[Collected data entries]
lemma line_sim_no_far_block:
  assumes "producible (U, \<sigma>, \<tau>) \<gamma>" "nonempty_block m \<gamma> 0"
  shows "\<not> nonempty_block m \<gamma> (int L + 1)"
proof
  assume "nonempty_block m \<gamma> (int L + 1)"
  moreover obtain k where "k < L" "Rstar m R \<gamma> = line_asm L k"
    using line_sim_image[OF assms(1)] by blast
  ultimately have "int L + 1 \<le> int k + 1"
    using line_sim_blocks_bounded[OF assms(1)] assms(2) by blast
  with \<open>k < L\<close> show False
    by simp
qed

lemma line_sim_seed:
  obtains \<alpha>' \<beta>' where "(step (U, \<sigma>, \<tau>))\<^sup>*\<^sup>* \<sigma> \<alpha>'" "nonempty_block m \<alpha>' 0"
    "dom \<alpha>' \<subseteq> {- int m ..< 2 * int m}"
    "produces (U, \<sigma>, \<tau>) \<alpha>' \<beta>'" "Rstar m R \<beta>' = line_asm L (L - 1)"
proof -
  have "L - 1 < L"
    using L_pos by simp
  then have "producible (line_sys L) (line_asm L 0)" "producible (line_sys L) (line_asm L (L - 1))"
    using producible_line_sys_iff[OF L_pos] L_pos by blast+
  moreover have "produces (line_sys L) (line_asm L 0) (line_asm L (L - 1))"
    using calculation(2) unfolding producible_def line_sys_def by simp
  ultimately obtain \<alpha>' \<beta>' where \<alpha>': "producible (U, \<sigma>, \<tau>) \<alpha>'" "Rstar m R \<alpha>' = line_asm L 0"
    and \<beta>': "produces (U, \<sigma>, \<tau>) \<alpha>' \<beta>'" "Rstar m R \<beta>' = line_asm L (L - 1)"
    using simulates_lift_production[OF sim] by blast
  have block0: "nonempty_block m \<alpha>' 0"
    using nonempty_block_if_represented[where R = R, OF line_sim_empty_block] \<alpha>'(2)
    by (simp add: dom_line_asm)
  have "dom \<alpha>' \<subseteq> {int m * (-1) ..< int m * (1 + 1)}"
  proof (rule dom_subset_if_blocks_bounded[OF simulates_scale_pos[OF sim]])
    fix x
    assume "nonempty_block m \<alpha>' x"
    then show "-1 \<le> x \<and> x \<le> 1"
      using line_sim_blocks_bounded[OF \<alpha>' block0] by simp
  qed
  then have "dom \<alpha>' \<subseteq> {- int m ..< 2 * int m}"
    by (simp add: mult.commute)
  moreover have "finite (dom \<alpha>')"
    using calculation by (rule finite_subset) simp
  then have "(step (U, \<sigma>, \<tau>))\<^sup>*\<^sup>* \<sigma> \<alpha>'"
    using rtranclp_if_produces \<alpha>'(1) unfolding producible_def by simp
  ultimately show thesis
    using that block0 \<beta>' by blast
qed
lemma trace_eq: "(\<Sum>a<n. A $$ (a,a)) = complex_of_real (\<Sum>i<n. lam i)"
proof -
  have "(\<Sum>a<n. A $$ (a,a)) = (\<Sum>a<n. \<Sum>i<n. complex_of_real (lam i) * (cnj (v i $ a) * v i $ a))"
    by (intro sum.cong refl) (simp add: entry_expansion ac_simps)
  also have "\<dots> = (\<Sum>i<n. complex_of_real (lam i) * braket (v i) (v i))"
    by (subst sum.swap) (simp add: braket_def sum_distrib_left)
  also have "\<dots> = (\<Sum>i<n. complex_of_real (lam i))"
    using orthonormal by (simp add: orthonormalD)
  finally show ?thesis by simp
qed

lemma char_poly_eq: "char_poly A = (\<Prod>i\<leftarrow>[0..<n]. [:- complex_of_real (lam i), 1:])"
proof -
  define D where "D = mat n n (\<lambda>(i,j). if i = j then complex_of_real (lam i) else 0)"
  have D: "D \<in> carrier_mat n n" by (simp add: D_def)
  note U = basis_mat_carrier(1) and U' = basis_mat_carrier(2)
  have "A = basis_mat * D * basis_mat_adj"
  proof (rule eq_matI)
    fix a b assume "a < dim_row (basis_mat * D * basis_mat_adj)" "b < dim_col (basis_mat * D * basis_mat_adj)"
    then have ab: "a < n" "b < n" using U U' D by auto
    have "(basis_mat * D) $$ (a,i) = v i $ a * complex_of_real (lam i)" if "i < n" for i
      using that ab by (simp add: basis_mat_def D_def scalar_prod_def if_distrib cong: if_cong)
    then show "A $$ (a,b) = (basis_mat * D * basis_mat_adj) $$ (a,b)"
      using ab U D by (simp add: entry_expansion scalar_prod_def lessThan_atLeast0 basis_mat_adj_def ac_simps)
  qed (use carrier_mat U U' in auto)
  then have "similar_mat A D"
    unfolding similar_mat_def
    using similar_mat_witI[OF basis_mat_mult_adj basis_mat_adj_mult _ carrier_mat D U U'] by blast
  then have "char_poly A = char_poly D" by (rule char_poly_similar)
  also have "\<dots> = (\<Prod>a\<leftarrow>diag_mat D. [:- a, 1:])"
    by (rule char_poly_upper_triangular[OF D]) (auto simp: upper_triangular_def D_def)
  also have "diag_mat D = map (\<lambda>i. complex_of_real (lam i)) [0..<n]"
    by (simp add: diag_mat_def D_def)
  finally show ?thesis by (simp add: comp_def)
qed
(* Under the hypotheses of the striction construction (the ruling distribution of $\sigma$ has degree $d>0$ at every $t$, and $\rho_{t}X_{m-d}(t),\dotsc,\rho_{t}X_{m-1}(t)$ are linearly independent for every $t$), the differential of $\sigma$ has rank exactly $m-1$ at every singular point of $\sigma$.
   Context: Ruled submanifold: given an open interval $I$, a smooth unit-speed curve $\gamma\colon I\to\mathbb{R}^{m+n}$ and smooth vector fields $X_{1},\dotsc,X_{m-1}$ along $\gamma$ that are orthonormal at each $t$, define $\sigma(t,u^{1},\dotsc,u^{m-1})=\gamma(t)+\sum_{j=1}^{m-1}u^{j}X_{j}(t)$ on $I\times\mathbb{R}^{m-1}$. A point is singular if $d\sigma$ is not injective there. The ruling distribution is $\mathcal{D}_{t}=\operatorname{Span}(X_{j}(t))_{j=1}^{m-1}$, and $\rho_{t}X_{j}(t)=\pi^{\perp}\dot X_{j}(t)$, where $\pi^{\perp}$ is orthogonal projection onto $\mathcal{D}_{t}^{\perp}$. The degree of $\mathcal{D}$ at $t$ is the rank of the linear map $\rho_{t}\colon\mathcal{D}_{t}\to\mathcal{D}_{t}^{\perp}$, $\sum_j c_jX_j(t)\mapsto\sum_j c_j\rho_tX_j(t)$. *)

theory Defs
  imports "HOL-Analysis.Analysis"
begin

definition smooth_curve_on :: "real set \<Rightarrow> (real \<Rightarrow> 'a::real_normed_vector) \<Rightarrow> bool" where
  "smooth_curve_on I f \<longleftrightarrow>
     (\<exists>F :: nat \<Rightarrow> real \<Rightarrow> 'a. F 0 = f \<and>
        (\<forall>k. \<forall>t\<in>I. (F k has_vector_derivative F (Suc k) t) (at t)))"

text \<open>Orthogonal projection onto the orthogonal complement of the ruling space
  D_t = span (X_1(t),...,X_(m-1)(t)), written via the orthonormal frame.\<close>
definition perp_proj :: "nat \<Rightarrow> (nat \<Rightarrow> real \<Rightarrow> 'a::euclidean_space) \<Rightarrow> real \<Rightarrow> 'a \<Rightarrow> 'a" where
  "perp_proj m X t v = v - (\<Sum>i=1..m-1. (v \<bullet> X i t) *\<^sub>R X i t)"

definition ruling_rho :: "nat \<Rightarrow> (nat \<Rightarrow> real \<Rightarrow> 'a::euclidean_space) \<Rightarrow> real \<Rightarrow> nat \<Rightarrow> 'a" where
  "ruling_rho m X t j = perp_proj m X t (vector_derivative (X j) (at t))"

text \<open>Degree = rank of rho_t : D_t -> D_t^perp = dimension of its image,
  which is the span of the rho_t X_j(t).\<close>
definition ruling_degree :: "nat \<Rightarrow> (nat \<Rightarrow> real \<Rightarrow> 'a::euclidean_space) \<Rightarrow> real \<Rightarrow> nat" where
  "ruling_degree m X t = dim ((\<lambda>j. ruling_rho m X t j) ` {1..m-1})"

text \<open>The ruled map sigma(t,u) = gamma(t) + sum_j u^j X_j(t); coordinates of
  u in R^(m-1) are named u^1..u^(m-1) via a bijection e : {1..m-1} -> 'k.\<close>
definition ruled_map :: "nat \<Rightarrow> (nat \<Rightarrow> 'k::finite) \<Rightarrow> (real \<Rightarrow> 'a::euclidean_space)
     \<Rightarrow> (nat \<Rightarrow> real \<Rightarrow> 'a) \<Rightarrow> real \<times> (real ^ 'k) \<Rightarrow> 'a" where
  "ruled_map m e \<gamma> X p = \<gamma> (fst p) + (\<Sum>j=1..m-1. (snd p $ e j) *\<^sub>R X j (fst p))"

end

theory Submission imports Defs begin

text \<open>At a singular point the differential of \<open>\<sigma>\<close> is a non-injective linear map on the
  \<open>m\<close>-dimensional parameter space, so its rank is at most \<open>m - 1\<close>. Conversely its partial
  derivatives along the rulings are \<open>\<partial>\<sigma>/\<partial>u\<^sup>j = X\<^sub>j(t)\<close>, which are orthonormal, so the
  rank is at least \<open>m - 1\<close>.\<close>

lemma dim_range_less_DIM_if_not_inj:
  fixes D :: "'d::euclidean_space \<Rightarrow> 'a::euclidean_space"
  assumes "linear D" and "\<not> inj D"
  shows "dim (range D) < DIM('d)"
proof (rule ccontr)
  assume "\<not> ?thesis"
  moreover have "range D = span (D ` Basis)"
    using span_linear_image[OF assms(1), of Basis] by (simp add: span_Basis)
  ultimately have full: "DIM('d) \<le> dim (D ` Basis)"
    by (metis dim_span not_less)
  have "card (D ` Basis) \<le> card (Basis :: 'd set)"
    by (simp add: card_image_le)
  with full dim_le_card'[of "D ` Basis"]
  have card_eq: "card (D ` Basis) = card (Basis :: 'd set)"
    and "card (D ` Basis) = dim (D ` Basis)"
    by auto
  then have "independent (D ` Basis)"
    using card_eq_dim[of "D ` Basis" "D ` Basis"] by (simp add: span_superset)
  moreover have "inj_on D Basis"
    using card_eq by (simp add: inj_on_iff_eq_card)
  ultimately have "inj_on D (span Basis)"
    using linear_inj_on_span_iff_independent_image[OF assms(1)] by blast
  with assms(2) show False
    by (simp add: span_Basis)
qed

lemma dim_image_orthonormal:
  fixes f :: "'i \<Rightarrow> 'a::euclidean_space"
  assumes "finite S"
    and orthonormal: "\<forall>i\<in>S. \<forall>j\<in>S. f i \<bullet> f j = (if i = j then 1 else 0)"
  shows "dim (f ` S) = card S"
proof -
  have "inj_on f S"
  proof (rule inj_onI)
    fix i j assume "i \<in> S" "j \<in> S" "f i = f j"
    then have "f i \<bullet> f j = 1" using orthonormal by force
    with \<open>i \<in> S\<close> \<open>j \<in> S\<close> show "i = j" using orthonormal by (metis zero_neq_one)
  qed
  moreover have "independent (f ` S)"
  proof (rule pairwise_orthogonal_independent)
    show "pairwise orthogonal (f ` S)"
      unfolding pairwise_def orthogonal_def using orthonormal by force
    show "0 \<notin> f ` S"
      using orthonormal by force
  qed
  ultimately show ?thesis
    by (simp add: dim_eq_card_independent card_image)
qed

lemma has_derivative_ruled_map_fibre:
  fixes \<gamma> :: "real \<Rightarrow> 'a::euclidean_space" and X :: "nat \<Rightarrow> real \<Rightarrow> 'a"
    and e :: "nat \<Rightarrow> 'k::finite"
  assumes D: "(ruled_map m e \<gamma> X has_derivative D) (at p)"
  shows "D (0, v) = (\<Sum>j=1..m-1. (v $ e j) *\<^sub>R X j (fst p))"
proof -
  obtain t u where p: "p = (t, u)" by (cases p)
  let ?line = "\<lambda>s::real. p + s *\<^sub>R ((0::real), v)"
  have line: "(?line has_derivative (\<lambda>s. s *\<^sub>R ((0::real), v))) (at 0)"
    by (auto intro!: derivative_eq_intros)
  have "(ruled_map m e \<gamma> X has_derivative D) (at (?line 0))"
    using D by (simp add: zero_prod_def[symmetric])
  from diff_chain_at[OF line this]
  have chain: "((ruled_map m e \<gamma> X \<circ> ?line) has_derivative (D \<circ> (\<lambda>s. s *\<^sub>R (0, v)))) (at 0)" .
  have restrict: "ruled_map m e \<gamma> X \<circ> ?line
      = (\<lambda>s. \<gamma> t + (\<Sum>j=1..m-1. (u $ e j + s * v $ e j) *\<^sub>R X j t))"
    by (rule ext) (simp add: ruled_map_def p)
  have "((\<lambda>s. \<gamma> t + (\<Sum>j=1..m-1. (u $ e j + s * v $ e j) *\<^sub>R X j t)) has_derivative
      (\<lambda>s. \<Sum>j=1..m-1. (s * v $ e j) *\<^sub>R X j t)) (at 0)"
    by (auto intro!: derivative_eq_intros)
  with chain[unfolded restrict]
  have "D \<circ> (\<lambda>s. s *\<^sub>R (0, v)) = (\<lambda>s. \<Sum>j=1..m-1. (s * v $ e j) *\<^sub>R X j t)"
    by (rule has_derivative_unique)
  from fun_cong[OF this, of 1] show ?thesis
    by (simp add: p)
qed

lemma has_derivative_ruled_map_axis:
  fixes \<gamma> :: "real \<Rightarrow> 'a::euclidean_space" and X :: "nat \<Rightarrow> real \<Rightarrow> 'a"
    and e :: "nat \<Rightarrow> 'k::finite"
  assumes "(ruled_map m e \<gamma> X has_derivative D) (at p)"
    and "inj_on e {1..m-1}" and "j \<in> {1..m-1}"
  shows "D (0, axis (e j) 1) = X j (fst p)"
proof -
  have "D (0, axis (e j) 1) = (\<Sum>i=1..m-1. (axis (e j) 1 $ e i) *\<^sub>R X i (fst p))"
    using has_derivative_ruled_map_fibre[OF assms(1)] .
  also have "\<dots> = (\<Sum>i=1..m-1. if i = j then X i (fst p) else 0)"
    using assms(2,3) by (intro sum.cong) (auto simp: axis_def inj_on_def)
  also have "\<dots> = X j (fst p)"
    using assms(3) by simp
  finally show ?thesis .
qed

theorem mainTheorem5:
  fixes I :: "real set" and m n d :: nat
    and \<gamma> :: "real \<Rightarrow> 'a::euclidean_space"
    and X :: "nat \<Rightarrow> real \<Rightarrow> 'a"
    and e :: "nat \<Rightarrow> 'k::finite"
  assumes dimA: "DIM('a) = m + n"
    and e_bij: "bij_betw e {1..m-1} (UNIV :: 'k set)"
    and I_open: "open I" and I_int: "is_interval I" and I_ne: "I \<noteq> {}"
    and \<gamma>_smooth: "smooth_curve_on I \<gamma>"
    and unit_speed: "\<forall>t\<in>I. norm (vector_derivative \<gamma> (at t)) = 1"
    and X_smooth: "\<forall>j\<in>{1..m-1}. smooth_curve_on I (X j)"
    and X_orthonormal: "\<forall>t\<in>I. \<forall>i\<in>{1..m-1}. \<forall>j\<in>{1..m-1}.
                           X i t \<bullet> X j t = (if i = j then 1 else 0)"
    and d_pos: "d > 0"
    and degree: "\<forall>t\<in>I. ruling_degree m X t = d"
    and indep: "\<forall>t\<in>I. \<forall>c :: nat \<Rightarrow> real.
                  (\<Sum>j=m-d..m-1. c j *\<^sub>R ruling_rho m X t j) = 0 \<longrightarrow> (\<forall>j\<in>{m-d..m-1}. c j = 0)"
  shows "\<forall>p \<in> I \<times> (UNIV :: (real ^ 'k) set). \<forall>D.
           (ruled_map m e \<gamma> X has_derivative D) (at p) \<and> \<not> inj D
           \<longrightarrow> dim (range D) = m - 1"
proof (intro ballI allI impI)
  fix p and D :: "real \<times> (real ^ 'k) \<Rightarrow> 'a"
  assume "p \<in> I \<times> (UNIV :: (real ^ 'k) set)"
    and "(ruled_map m e \<gamma> X has_derivative D) (at p) \<and> \<not> inj D"
  then have t: "fst p \<in> I" and D: "(ruled_map m e \<gamma> X has_derivative D) (at p)"
    and singular: "\<not> inj D"
    by auto
  have "CARD('k) = m - 1"
    using bij_betw_same_card[OF e_bij] by simp
  then have "dim (range D) \<le> m - 1"
    using dim_range_less_DIM_if_not_inj[OF has_derivative_linear[OF D] singular] by simp
  moreover have "(\<lambda>j. X j (fst p)) ` {1..m-1} \<subseteq> range D"
    using has_derivative_ruled_map_axis[OF D bij_betw_imp_inj_on[OF e_bij]]
    by (metis image_subsetI rangeI)
  then have "dim ((\<lambda>j. X j (fst p)) ` {1..m-1}) \<le> dim (range D)"
    by (rule dim_subset)
  moreover have "dim ((\<lambda>j. X j (fst p)) ` {1..m-1}) = m - 1"
    using dim_image_orthonormal[of "{1..m-1}" "\<lambda>j. X j (fst p)"] X_orthonormal t by simp
  ultimately show "dim (range D) = m - 1"
    by simp
qed

end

- **ACTIVITY**
Take the records above and return, word for word, only the lines that fall from the line with "has_derivative (\<lambda>s. s" to the line with "from diff_chain_at[OF line this]", both of them included.

- **WRITTEN ANSWER**
  have line: "(?line has_derivative (\<lambda>s. s *\<^sub>R ((0::real), v))) (at 0)"
    by (auto intro!: derivative_eq_intros)
  have "(ruled_map m e \<gamma> X has_derivative D) (at (?line 0))"
    using D by (simp add: zero_prod_def[symmetric])
  from diff_chain_at[OF line this]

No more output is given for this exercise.